(Collected data entries)
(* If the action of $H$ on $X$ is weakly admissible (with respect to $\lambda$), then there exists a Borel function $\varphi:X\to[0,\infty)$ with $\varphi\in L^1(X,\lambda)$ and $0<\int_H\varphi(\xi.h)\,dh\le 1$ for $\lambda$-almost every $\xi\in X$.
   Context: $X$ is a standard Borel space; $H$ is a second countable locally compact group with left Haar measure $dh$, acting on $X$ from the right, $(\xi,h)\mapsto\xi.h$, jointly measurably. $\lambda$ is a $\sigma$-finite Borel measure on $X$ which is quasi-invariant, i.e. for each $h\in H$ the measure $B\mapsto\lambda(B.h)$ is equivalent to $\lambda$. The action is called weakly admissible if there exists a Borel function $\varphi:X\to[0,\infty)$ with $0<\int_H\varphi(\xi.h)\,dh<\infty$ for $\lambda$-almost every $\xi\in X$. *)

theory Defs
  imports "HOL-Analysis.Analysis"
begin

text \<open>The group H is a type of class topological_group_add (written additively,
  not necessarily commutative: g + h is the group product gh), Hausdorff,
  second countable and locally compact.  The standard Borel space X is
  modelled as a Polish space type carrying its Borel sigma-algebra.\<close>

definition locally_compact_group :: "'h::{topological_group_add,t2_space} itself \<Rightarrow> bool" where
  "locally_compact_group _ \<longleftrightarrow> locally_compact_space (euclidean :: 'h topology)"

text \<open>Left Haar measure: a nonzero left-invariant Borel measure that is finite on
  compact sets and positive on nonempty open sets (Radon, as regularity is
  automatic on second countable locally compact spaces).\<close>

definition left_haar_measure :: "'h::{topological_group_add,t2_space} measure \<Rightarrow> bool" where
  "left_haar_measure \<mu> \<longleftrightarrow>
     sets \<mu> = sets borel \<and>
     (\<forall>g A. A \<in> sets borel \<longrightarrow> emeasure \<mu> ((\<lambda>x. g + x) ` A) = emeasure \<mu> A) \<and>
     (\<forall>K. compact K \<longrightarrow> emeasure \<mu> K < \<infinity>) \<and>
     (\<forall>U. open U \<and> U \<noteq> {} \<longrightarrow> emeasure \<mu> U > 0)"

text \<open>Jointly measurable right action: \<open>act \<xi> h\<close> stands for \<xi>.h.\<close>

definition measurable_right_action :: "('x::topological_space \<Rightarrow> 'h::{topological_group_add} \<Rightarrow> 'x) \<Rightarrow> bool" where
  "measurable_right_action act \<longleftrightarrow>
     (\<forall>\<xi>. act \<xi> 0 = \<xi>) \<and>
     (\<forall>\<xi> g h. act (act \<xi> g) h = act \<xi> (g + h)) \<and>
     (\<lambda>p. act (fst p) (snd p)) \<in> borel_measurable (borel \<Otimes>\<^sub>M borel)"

## Work instructions:
Using the entries above, return each line that includes the word "almost".

## Answer box:
(* If the action of $H$ on $X$ is weakly admissible (with respect to $\lambda$), then there exists a Borel function $\varphi:X\to[0,\infty)$ with $\varphi\in L^1(X,\lambda)$ and $0<\int_H\varphi(\xi.h)\,dh\le 1$ for $\lambda$-almost every $\xi\in X$.
   Context: $X$ is a standard Borel space; $H$ is a second countable locally compact group with left Haar measure $dh$, acting on $X$ from the right, $(\xi,h)\mapsto\xi.h$, jointly measurably. $\lambda$ is a $\sigma$-finite Borel measure on $X$ which is quasi-invariant, i.e. for each $h\in H$ the measure $B\mapsto\lambda(B.h)$ is equivalent to $\lambda$. The action is called weakly admissible if there exists a Borel function $\varphi:X\to[0,\infty)$ with $0<\int_H\varphi(\xi.h)\,dh<\infty$ for $\lambda$-almost every $\xi\in X$. *)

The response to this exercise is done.